(* Let $f$ be convex and differentiable with $L$-Lipschitz gradient, $h$ proper closed convex, $F=f+h$, $\mathbf{x}^*$ a minimizer of $F$, $\alpha>0$ with $\alpha L\le1$, and $\varepsilon\ge0$. Let $\mathbf{x}^{(k-1)},\mathbf{v}^{(k)},\mathbf{e}^{(k)}\in\mathbb{R}^d$ with $\|\mathbf{v}^{(k)}-\nabla f(\mathbf{x}^{(k-1)})\|\le M$, let $\mathbf{q}^{(k)}=\mathbf{x}^{(k-1)}-\alpha(\mathbf{v}^{(k)}+\mathbf{e}^{(k)})$, and let $\mathbf{x}^{(k)}$ be an $\varepsilon$-inexact proximal point of $\mathbf{q}^{(k)}$. Let $\mathbf{g}$ satisfy $\frac1\alpha(\mathbf{q}^{(k)}+\mathbf{g}-\mathbf{x}^{(k)})\in\partial_\varepsilon h(\mathbf{x}^{(k)})$ and $\|\mathbf{g}\|\le\sqrt{2\alpha\varepsilon}$, let $\boldsymbol{\xi}^{(k-1)}=\frac1\alpha(\mathbf{x}^{(k-1)}-\mathbf{x}^{(k)})$, and let $\underline{\mathbf{x}}$ be an $\varepsilon$-inexact proximal point of $\mathbf{x}^{(k-1)}-\alpha\nabla f(\mathbf{x}^{(k-1)})$. Then $$-\alpha^2\|\boldsymbol{\xi}^{(k-1)}\|^2-2\alpha\langle\boldsymbol{\xi}^{(k-1)},\mathbf{x}^{(k)}-\mathbf{x}^*\rangle\le-2\alpha\big(F(\mathbf{x}^{(k)})-F(\mathbf{x}^* )\big)+2\alpha\varepsilon+2\alpha^2\|\mathbf{v}^{(k)}-\nabla f(\mathbf{x}^{(k-1)})\|^2+\big(2\alpha^2\|\mathbf{e}^{(k)}\|+6\alpha\sqrt{2\alpha\varepsilon}\big)M-2\alpha\langle\mathbf{x}^{(k)}-\mathbf{x}^*,\mathbf{e}^{(k)}-\tfrac1\alpha\mathbf{g}\rangle-2\alpha\langle\underline{\mathbf{x}}-\mathbf{x}^*,\mathbf{v}^{(k)}-\nabla f(\mathbf{x}^{(k-1)})\rangle.$$
   Context: A point $\mathbf{x}$ is an $\varepsilon$-inexact proximal point of $\mathbf{z}$ (with parameter $\alpha$) if $\frac1{2\alpha}\|\mathbf{x}-\mathbf{z}\|^2+h(\mathbf{x})\le\min_{\mathbf{y}}\{\frac1{2\alpha}\|\mathbf{y}-\mathbf{z}\|^2+h(\mathbf{y})\}+\varepsilon$. The $\varepsilon$-subdifferential is $\partial_\varepsilon h(\mathbf{x})=\{\mathbf{p}: h(\mathbf{y})\ge h(\mathbf{x})+\langle\mathbf{p},\mathbf{y}-\mathbf{x}\rangle-\varepsilon\ \forall\mathbf{y}\}$. *)

theory Defs
  imports "HOL-Analysis.Analysis" "HOL-Library.Extended_Real"
begin

definition proper_fun :: "('a \<Rightarrow> ereal) \<Rightarrow> bool" where
  "proper_fun h \<longleftrightarrow> (\<forall>x. h x \<noteq> -\<infinity>) \<and> (\<exists>x. h x \<noteq> \<infinity>)"

definition epigraph_e :: "('a \<Rightarrow> ereal) \<Rightarrow> ('a \<times> real) set" where
  "epigraph_e h = {(x, t). h x \<le> ereal t}"

definition closed_fun :: "('a::topological_space \<Rightarrow> ereal) \<Rightarrow> bool" where
  "closed_fun h \<longleftrightarrow> closed (epigraph_e h)"

definition convex_fun :: "('a::real_vector \<Rightarrow> ereal) \<Rightarrow> bool" where
  "convex_fun h \<longleftrightarrow> convex (epigraph_e h)"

■ ■ ■ ■

● Problem requirements
Repeat the entries word for word. Skip none of them.

● Solution to the problem
(* Let $f$ be convex and differentiable with $L$-Lipschitz gradient, $h$ proper closed convex, $F=f+h$, $\mathbf{x}^*$ a minimizer of $F$, $\alpha>0$ with $\alpha L\le1$, and $\varepsilon\ge0$. Let $\mathbf{x}^{(k-1)},\mathbf{v}^{(k)},\mathbf{e}^{(k)}\in\mathbb{R}^d$ with $\|\mathbf{v}^{(k)}-\nabla f(\mathbf{x}^{(k-1)})\|\le M$, let $\mathbf{q}^{(k)}=\mathbf{x}^{(k-1)}-\alpha(\mathbf{v}^{(k)}+\mathbf{e}^{(k)})$, and let $\mathbf{x}^{(k)}$ be an $\varepsilon$-inexact proximal point of $\mathbf{q}^{(k)}$. Let $\mathbf{g}$ satisfy $\frac1\alpha(\mathbf{q}^{(k)}+\mathbf{g}-\mathbf{x}^{(k)})\in\partial_\varepsilon h(\mathbf{x}^{(k)})$ and $\|\mathbf{g}\|\le\sqrt{2\alpha\varepsilon}$, let $\boldsymbol{\xi}^{(k-1)}=\frac1\alpha(\mathbf{x}^{(k-1)}-\mathbf{x}^{(k)})$, and let $\underline{\mathbf{x}}$ be an $\varepsilon$-inexact proximal point of $\mathbf{x}^{(k-1)}-\alpha\nabla f(\mathbf{x}^{(k-1)})$. Then $$-\alpha^2\|\boldsymbol{\xi}^{(k-1)}\|^2-2\alpha\langle\boldsymbol{\xi}^{(k-1)},\mathbf{x}^{(k)}-\mathbf{x}^*\rangle\le-2\alpha\big(F(\mathbf{x}^{(k)})-F(\mathbf{x}^* )\big)+2\alpha\varepsilon+2\alpha^2\|\mathbf{v}^{(k)}-\nabla f(\mathbf{x}^{(k-1)})\|^2+\big(2\alpha^2\|\mathbf{e}^{(k)}\|+6\alpha\sqrt{2\alpha\varepsilon}\big)M-2\alpha\langle\mathbf{x}^{(k)}-\mathbf{x}^*,\mathbf{e}^{(k)}-\tfrac1\alpha\mathbf{g}\rangle-2\alpha\langle\underline{\mathbf{x}}-\mathbf{x}^*,\mathbf{v}^{(k)}-\nabla f(\mathbf{x}^{(k-1)})\rangle.$$
   Context: A point $\mathbf{x}$ is an $\varepsilon$-inexact proximal point of $\mathbf{z}$ (with parameter $\alpha$) if $\frac1{2\alpha}\|\mathbf{x}-\mathbf{z}\|^2+h(\mathbf{x})\le\min_{\mathbf{y}}\{\frac1{2\alpha}\|\mathbf{y}-\mathbf{z}\|^2+h(\mathbf{y})\}+\varepsilon$. The $\varepsilon$-subdifferential is $\partial_\varepsilon h(\mathbf{x})=\{\mathbf{p}: h(\mathbf{y})\ge h(\mathbf{x})+\langle\mathbf{p},\mathbf{y}-\mathbf{x}\rangle-\varepsilon\ \forall\mathbf{y}\}$. *)

theory Defs
  imports "HOL-Analysis.Analysis" "HOL-Library.Extended_Real"
begin

definition proper_fun :: "('a \<Rightarrow> ereal) \<Rightarrow> bool" where
  "proper_fun h \<longleftrightarrow> (\<forall>x. h x \<noteq> -\<infinity>) \<and> (\<exists>x. h x \<noteq> \<infinity>)"

definition epigraph_e :: "('a \<Rightarrow> ereal) \<Rightarrow> ('a \<times> real) set" where
  "epigraph_e h = {(x, t). h x \<le> ereal t}"

definition closed_fun :: "('a::topological_space \<Rightarrow> ereal) \<Rightarrow> bool" where
  "closed_fun h \<longleftrightarrow> closed (epigraph_e h)"

definition convex_fun :: "('a::real_vector \<Rightarrow> ereal) \<Rightarrow> bool" where
  "convex_fun h \<longleftrightarrow> convex (epigraph_e h)"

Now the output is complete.